Lecture Notes on Systems Design: TinyURL and Pastebin

Introduction

Topic: TinyURL and Pastebin Systems Design Interview Questions
Objective: To design systems for generating unique short links with some amount of analytics.
Complexity Added: Including analytics for number of clicks per link.

Challenge: Ensuring uniqueness of short URLs while maintaining service speed.
Example: TinyURL (e.g., mapping "google.com" to "tinyurl.com/SLABC").
Analytics Challenge: Counting clicks per link accurately over time.

Assumption: Support a trillion URLs, median 10,000 clicks per URL, most popular in millions.
Storage Needs: If 1 trillion short URLs with 1 KB of data each, results in 1 petabyte.
Reads vs. Writes: Optimizing for more reads than writes.

Monotonic Sequence: Not practical due to required locking.
Hashing Approach: Distributes links evenly across the system.
- Hash Function: Combine long URL, user ID, and creation timestamp.
- Character Set: Using 0-9 and A-Z gives 36 choices per character.
- Combination Calculations: 36^8 provides ~2 trillion combinations.

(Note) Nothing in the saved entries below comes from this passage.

lemma clifford_Ad_sigmas_neq: "\<sigma> \<noteq> \<tau> \<Longrightarrow> \<sigma>' \<noteq> \<tau>'"
proof
  assume "\<sigma> \<noteq> \<tau>" "\<sigma>' = \<tau>'"
  then have "Ad C \<sigma> = (a / b) \<cdot>\<^sub>m Ad C \<tau>"
    unfolding Ad_\<sigma> Ad_\<tau> smult_smult_mat using nonzero by simp
  then have "\<sigma> = (a / b) \<cdot>\<^sub>m \<tau>"
    using Ad_eq_smult_Ad[OF clifford_unitary[OF C] sigmas_carrier[OF sigmas(1)] sigmas_carrier[OF sigmas(2)]] by blast
  moreover then have "a / b = 1" using sigmas_smult_eq sigmas(1,2) by blast
  ultimately show False using \<open>\<sigma> \<noteq> \<tau>\<close> by simp
qed

lemmas proportional_images =
  clifford_unitary[OF C] sigmas_carrier[OF sigmas(1)] sigmas_carrier[OF sigmas(2)]
  sigmas_carrier[OF sigmas(3)] sigmas_carrier[OF sigmas(4)] _ Ad_\<sigma> Ad_\<tau>

lemma C_set_clifford_Ad: "\<sigma> \<in> C_set q \<tau> \<Longrightarrow> \<sigma>' \<in> C_set q \<tau>'"
  using clifford_Ad_sigmas_neq Ad_commute_proportional[OF proportional_images] nonzero sigmas(3)
  unfolding C_set_def by auto

lemma N_set_clifford_Ad: "\<sigma> \<in> N_set q \<tau> \<Longrightarrow> \<sigma>' \<in> N_set q \<tau>'"
  using Ad_anticommute_proportional[OF proportional_images] nonzero sigmas(3)
  unfolding N_set_def by auto

end

section \<open>The two-copy representation\<close>

lemma two_copy_eq_Ad: "two_copy C M = Ad (kron C C) M"
  unfolding two_copy_def Ad_def ..

lemma unitary_kron:
  assumes "unitary_mat n C"
  shows "unitary_mat (n * n) (kron C C)"
proof -
  note C = unitary_carrier[OF assms] unitary_adjoint_mult[OF assms]
  have "mat_adjoint (kron C C) * kron C C = 1\<^sub>m (n * n)"
    unfolding mat_adjoint_kron kron_mult_kron[OF C(2,2,1,1)] C(3) kron_one_mat ..
  moreover have "kron C C * mat_adjoint (kron C C) = 1\<^sub>m (n * n)"
    unfolding mat_adjoint_kron kron_mult_kron[OF C(1,1,2,2)] C(4) kron_one_mat ..
  ultimately show ?thesis unfolding unitary_mat_def using C(1) by auto
qed
lemma dlocal_change_of_charts:
  assumes atlas_A: "smooth_atlas A" and atlas_B: "smooth_atlas B" and f: "smooth_mfd_map A B f"
    and charts: "(U, \<phi>) \<in> A" "(U', \<phi>') \<in> A" "(V, \<psi>) \<in> B" "(V', \<psi>') \<in> B"
    and y: "y \<in> U" "y \<in> U'" "f y \<in> V" "f y \<in> V'"
  shows "dlocal (U', \<phi>') (V', \<psi>') f y =
    frechet_derivative (\<psi>' \<circ> inv_into V \<psi>) (at (\<psi> (f y))) \<circ> dlocal (U, \<phi>) (V, \<psi>) f y \<circ>
    frechet_derivative (\<phi> \<circ> inv_into U' \<phi>') (at (\<phi>' y))"
proof -
  have "is_chart (U, \<phi>)" "is_chart (U', \<phi>')" "is_chart (V, \<psi>)" "is_chart (V', \<psi>')"
    using charts atlas_A atlas_B by (auto intro: smooth_atlas_is_chart)
  then have "open U" "open U'" "open V" "open V'" and inj: "inj_on \<phi> U" "inj_on \<phi>' U'" "inj_on \<psi> V"
    unfolding is_chart_def by auto
  have "continuous_on UNIV f" using f unfolding smooth_mfd_map_def by auto
  define L where "L = local_rep (U, \<phi>) (V, \<psi>) f"
  define tM where "tM = \<phi> \<circ> inv_into U' \<phi>'"
  define tN where "tN = \<psi>' \<circ> inv_into V \<psi>"
  have tM_y: "tM (\<phi>' y) = \<phi> y" and L_y: "L (\<phi> y) = \<psi> (f y)"
    using inj y by (simp_all add: tM_def L_def local_rep_def)
  have "(tM has_derivative frechet_derivative tM (at (\<phi>' y))) (at (\<phi>' y))"
    unfolding frechet_derivative_works[symmetric] tM_def
    using smooth_map_differentiable[OF smooth_atlas_transition[OF atlas_A charts(2,1)]] y(1,2) by blast
  moreover have "(L has_derivative frechet_derivative L (at (\<phi> y))) (at (tM (\<phi>' y)))"
    unfolding frechet_derivative_works[symmetric] tM_y L_def
    using smooth_map_differentiable[OF smooth_mfd_map_local_rep[OF f charts(1,3)]] y(1,3) by blast
  moreover have "(tN has_derivative frechet_derivative tN (at (\<psi> (f y)))) (at (L (tM (\<phi>' y))))"
    unfolding frechet_derivative_works[symmetric] tM_y L_y tN_def
    using smooth_map_differentiable[OF smooth_atlas_transition[OF atlas_B charts(3,4)]] y(3,4) by blast
  ultimately have chain: "(tN \<circ> L \<circ> tM has_derivative
      frechet_derivative tN (at (\<psi> (f y))) \<circ> frechet_derivative L (at (\<phi> y)) \<circ>
      frechet_derivative tM (at (\<phi>' y))) (at (\<phi>' y))"
    unfolding comp_assoc by (intro diff_chain_at) (simp_all only: o_def)
  define W where "W = U \<inter> U' \<inter> f -` (V \<inter> V')"
  have "open W"
    unfolding W_def using \<open>open U\<close> \<open>open U'\<close> \<open>open V\<close> \<open>open V'\<close> \<open>continuous_on UNIV f\<close>
    by (intro open_Int open_vimage) auto
  then have "open (\<phi>' ` W)"
    by (rule is_chart_open_image[OF \<open>is_chart (U', \<phi>')\<close>]) (auto simp: W_def)
  moreover have "\<phi>' y \<in> \<phi>' ` W" using y by (simp add: W_def)
  moreover have "(tN \<circ> L \<circ> tM) p = local_rep (U', \<phi>') (V', \<psi>') f p" if "p \<in> \<phi>' ` W" for p
    using that unfolding tN_def L_def tM_def W_def by (auto simp: local_rep_change_of_charts[OF inj])
  ultimately have "(local_rep (U', \<phi>') (V', \<psi>') f has_derivative
      frechet_derivative tN (at (\<psi> (f y))) \<circ> frechet_derivative L (at (\<phi> y)) \<circ>
      frechet_derivative tM (at (\<phi>' y))) (at (\<phi>' y))"
    using has_derivative_transform_within_open[OF chain] by blast
  then show ?thesis
    unfolding dlocal_def snd_conv tN_def L_def tM_def by (rule frechet_derivative_at[symmetric])
qed
(* Let $d=\infty$, $C>0$, and let ${\boldsymbol\gamma}$ be finite-order weights (of some order $\omega\in\mathbb N$) with ${\boldsymbol\gamma}\in\mathcal S_{\infty,C}$. Then $$\mathrm{decay}(T^\uparrow_{\infty,C}{\boldsymbol\gamma})=\mathrm{decay}({\boldsymbol\gamma})\ge1.$$
   Context: $\mathcal U_\infty$ is the set of finite subsets of $\mathbb N$; weights are families $(\gamma_u)_{u\in\mathcal U_\infty}$ of non-negative reals. Finite-order weights of order $\omega\in\mathbb N$: $\gamma_u=0$ whenever $|u|>\omega$. For a family $(a_v)_{v\in V}$ of non-negative reals over a countably infinite index set, $\mathrm{decay}((a_v))=\sup\{\tau>0:\sum_va_v^{1/\tau}<\infty\}$, $\sup\emptyset=0$. For $C>0$: $\mathcal S_{\infty,C}=\{{\boldsymbol\gamma}:\sum_vC^{2|v|}\gamma_v<\infty\}$ and $(T^\uparrow_{\infty,C}{\boldsymbol\gamma})_u=\sum_{v\supseteq u}C^{2|v|}\gamma_v$. *)

theory Defs
  imports "HOL-Analysis.Analysis"
begin

definition U_inf :: "nat set set" where
  "U_inf = {u. finite u}"

definition decay :: "('a \<Rightarrow> real) \<Rightarrow> 'a set \<Rightarrow> ereal" where
  "decay a V =
     (let S = {\<tau>::real. \<tau> > 0 \<and> (\<lambda>v. a v powr (1 / \<tau>)) summable_on V}
      in if S = {} then 0 else Sup (ereal ` S))"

Options: Chaining vs. Probing (probing preferred in databases).
Strategy: If a hash results in a collision, increment and try again (e.g., 32fc1ca8 -> 32fc1ca9).

Replication: Needed for fault tolerance and maximizing read performance.
- Single-leader vs. Multi-leader: Use single-leader to avoid write conflicts.
Caching: Not feasible to use a write-back cache due to consistency issues.
Partitioning: Distribute the load by partitioning on short URL range.
- Consistent Hashing: To minimize re-distribution of keys when cluster size changes.

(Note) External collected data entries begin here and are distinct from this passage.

text \<open>Pathwise waiting times, 1-indexed: wt tau x b i is W_i for i \<ge> 1,
  with W_1 = 0 and W_(i+1) = (W_i + b(tau i) - x(tau i))^+.
  Here b j is the realised service time of patient j, x j the interarrival time after patient j.\<close>
fun wt :: "(nat \<Rightarrow> nat) \<Rightarrow> (nat \<Rightarrow> real) \<Rightarrow> (nat \<Rightarrow> real) \<Rightarrow> nat \<Rightarrow> real" where
  "wt tau x b 0 = 0"
| "wt tau x b (Suc i) =
     (if i = 0 then 0 else max 0 (wt tau x b i + b (tau i) - x (tau i)))"

fun idl :: "(nat \<Rightarrow> nat) \<Rightarrow> (nat \<Rightarrow> real) \<Rightarrow> (nat \<Rightarrow> real) \<Rightarrow> nat \<Rightarrow> real" where
  "idl tau x b 0 = 0"
| "idl tau x b (Suc i) =
     (if i = 0 then 0 else max 0 (- (wt tau x b i + b (tau i) - x (tau i))))"

definition cost :: "'s measure \<Rightarrow> (nat \<Rightarrow> 's \<Rightarrow> real) \<Rightarrow> nat \<Rightarrow> (nat \<Rightarrow> nat)
    \<Rightarrow> (nat \<Rightarrow> real) \<Rightarrow> real \<Rightarrow> real" where
  "cost M B n tau x \<omega> =
     \<omega> * (\<Sum>i=1..n. integral\<^sup>L M (\<lambda>s. idl tau x (\<lambda>j. B j s) i))
     + (1 - \<omega>) * (\<Sum>i=1..n. integral\<^sup>L M (\<lambda>s. wt tau x (\<lambda>j. B j s) i))"

definition cx_le :: "'s measure \<Rightarrow> ('s \<Rightarrow> real) \<Rightarrow> ('s \<Rightarrow> real) \<Rightarrow> bool" where
  "cx_le M X Y \<longleftrightarrow>
     (\<forall>\<phi> :: real \<Rightarrow> real. convex_on UNIV \<phi> \<longrightarrow>
        integrable M (\<lambda>s. \<phi> (X s)) \<longrightarrow> integrable M (\<lambda>s. \<phi> (Y s)) \<longrightarrow>
        integral\<^sup>L M (\<lambda>s. \<phi> (X s)) \<le> integral\<^sup>L M (\<lambda>s. \<phi> (Y s)))"

definition dil_le :: "'s measure \<Rightarrow> ('s \<Rightarrow> real) \<Rightarrow> ('s \<Rightarrow> real) \<Rightarrow> bool" where
  "dil_le M X Y \<longleftrightarrow>
     cx_le M (\<lambda>s. X s - integral\<^sup>L M X) (\<lambda>s. Y s - integral\<^sup>L M Y)"
(* Let $Y=W_1\times W_2$ with coordinates $(a,b,x,y)$, $T=ab$, and $$\Phi=\begin{pmatrix}1-T & a^4\\ -b^4 & 1+T+T^2+T^3\end{pmatrix},\qquad \varphi(a,b,x,y)=\Big(a,b,\Phi\tbinom{x}{y}\Big).$$ Then $\mu=\varphi\circ\mu_0$ is a real circle form on $Y$, and it is equivalent to the linear real circle form $\mu_0$.
   Context: For $k\ge1$, $W_k=\mathbb{C}^2$ is the $\mathbb{C}^*$-module with weights $(k,-k)$: $t\cdot(x,y)=(t^kx,t^{-k}y)$. Thus on $Y=W_1\times W_2$, $t\cdot(a,b,x,y)=(ta,t^{-1}b,t^2x,t^{-2}y)$. Let $\sigma(t)=\overline{t}^{-1}$ on $\mathbb{C}^*$. A real circle form on $Y$ is an antiholomorphic involution $\mu$ of $Y$ with $\mu(t\cdot p)=\sigma(t)\cdot\mu(p)$ for all $t\in\mathbb{C}^*$, $p\in Y$; two such forms $\mu_1,\mu_2$ are equivalent if $\mu_2=\psi\circ\mu_1\circ\psi^{-1}$ for some regular $\mathbb{C}^*$-equivariant automorphism $\psi$ of $Y$. Here $\mu_0(a,b,x,y)=(\overline{b},\overline{a},\overline{y},\overline{x})$. *)

theory Defs
  imports "HOL-Analysis.Analysis"
begin

type_synonym Y = "complex \<times> complex \<times> complex \<times> complex"

definition act :: "complex \<Rightarrow> Y \<Rightarrow> Y" where
  "act t p = (case p of (a,b,x,y) \<Rightarrow> (t*a, inverse t * b, t^2 * x, inverse (t^2) * y))"

definition sigma :: "complex \<Rightarrow> complex" where
  "sigma t = inverse (cnj t)"

definition cscale :: "complex \<Rightarrow> Y \<Rightarrow> Y" where
  "cscale c p = (case p of (a,b,x,y) \<Rightarrow> (c*a, c*b, c*x, c*y))"

definition antiholomorphic :: "(Y \<Rightarrow> Y) \<Rightarrow> bool" where
  "antiholomorphic f \<longleftrightarrow> (\<forall>p. \<exists>D. (f has_derivative D) (at p) \<and>
       (\<forall>c v. D (cscale c v) = cscale (cnj c) (D v)))"

definition real_circle_form :: "(Y \<Rightarrow> Y) \<Rightarrow> bool" where
  "real_circle_form mu \<longleftrightarrow> antiholomorphic mu \<and> (\<forall>p. mu (mu p) = p) \<and>
     (\<forall>t p. t \<noteq> 0 \<longrightarrow> mu (act t p) = act (sigma t) (mu p))"

inductive poly_fun :: "(Y \<Rightarrow> complex) \<Rightarrow> bool" where
  const: "poly_fun (\<lambda>p. c)"
| proj1: "poly_fun (\<lambda>(a,b,x,y). a)"
| proj2: "poly_fun (\<lambda>(a,b,x,y). b)"
| proj3: "poly_fun (\<lambda>(a,b,x,y). x)"
| proj4: "poly_fun (\<lambda>(a,b,x,y). y)"
| add: "poly_fun f \<Longrightarrow> poly_fun g \<Longrightarrow> poly_fun (\<lambda>p. f p + g p)"
| mult: "poly_fun f \<Longrightarrow> poly_fun g \<Longrightarrow> poly_fun (\<lambda>p. f p * g p)"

Fields: Short URL, URL, User ID, Create Time, Expire Time, Number of Clicks.
Primary Challenge: Handling simultaneous writes to the same short URL key.
- Predicate Locks: Locks on rows that don't exist yet.
- Materializing Conflicts: Pre-writing all possible keys (~16 TB data, feasible).

No Range Queries: Allows use of hash indexes, although disk-based might be preferred.
Choices: LSM Tree (better for writes) vs. B-Tree (better for reads).
- Preference: B-Tree for handling more reads effectively.
- Database of Choice: MySQL (structured simplicity favored over NoSQL).

Replication: Using follower replicas to distribute read load.
Partitioning: More partitions = less load per partition.
Eventual Consistency: Acceptable with application logic checks.
**Caching Hot Links: **For links with high traffic.
- Partitioned Cache: Cache by short URL, use LRU eviction policy.

Stream Processing: Avoid race conditions in click counting.
- In-memory brokers (e.g., Redis) vs. Log-based brokers (e.g., Kafka): Use Kafka for durability.
**Choosing Stream Consumers: **
- Batch Jobs/Spark Streaming: Spark Streaming favored for mini-batching.
**Consistency and Idempotency: **
- Two-Phase Commit vs. Idempotency Key: Favor using keys, stored in partitioned Kafka queues.

Batch Job: To clean up expired URLs, pseudo-code provided for implementation.

Storage for Large Pastes: Amazon S3 preferred over HDFS.
Delivery Speed: Use CDN for caching static content.
Write Sequence for Data Integrity: Write to CDN, then S3, then database for consistency.

Load Balancer: Distributes write load across URL assigning servers.
URL Assigning: Data partitioned across multiple MySQL databases.
Caching Layer: Redis caches, distributed and partitioned.
Reader Operations: Cache miss redirects to database, with click data sent to Kafka.
Analytics Pipeline: Kafka queues, partitioned streams consumed by Spark Streaming.
Coordination Service: Zookeeper used for managing metadata and system coordination.

Summary: Comprehensive system involving URL generation, data consistency, caching, analytics, expiration, and large data support.
Final Note: Emphasis on balancing reads vs. writes with robustness in handling large-scale data efficiently.
Personal Touch: Presenter experienced technical issues and long recording effort.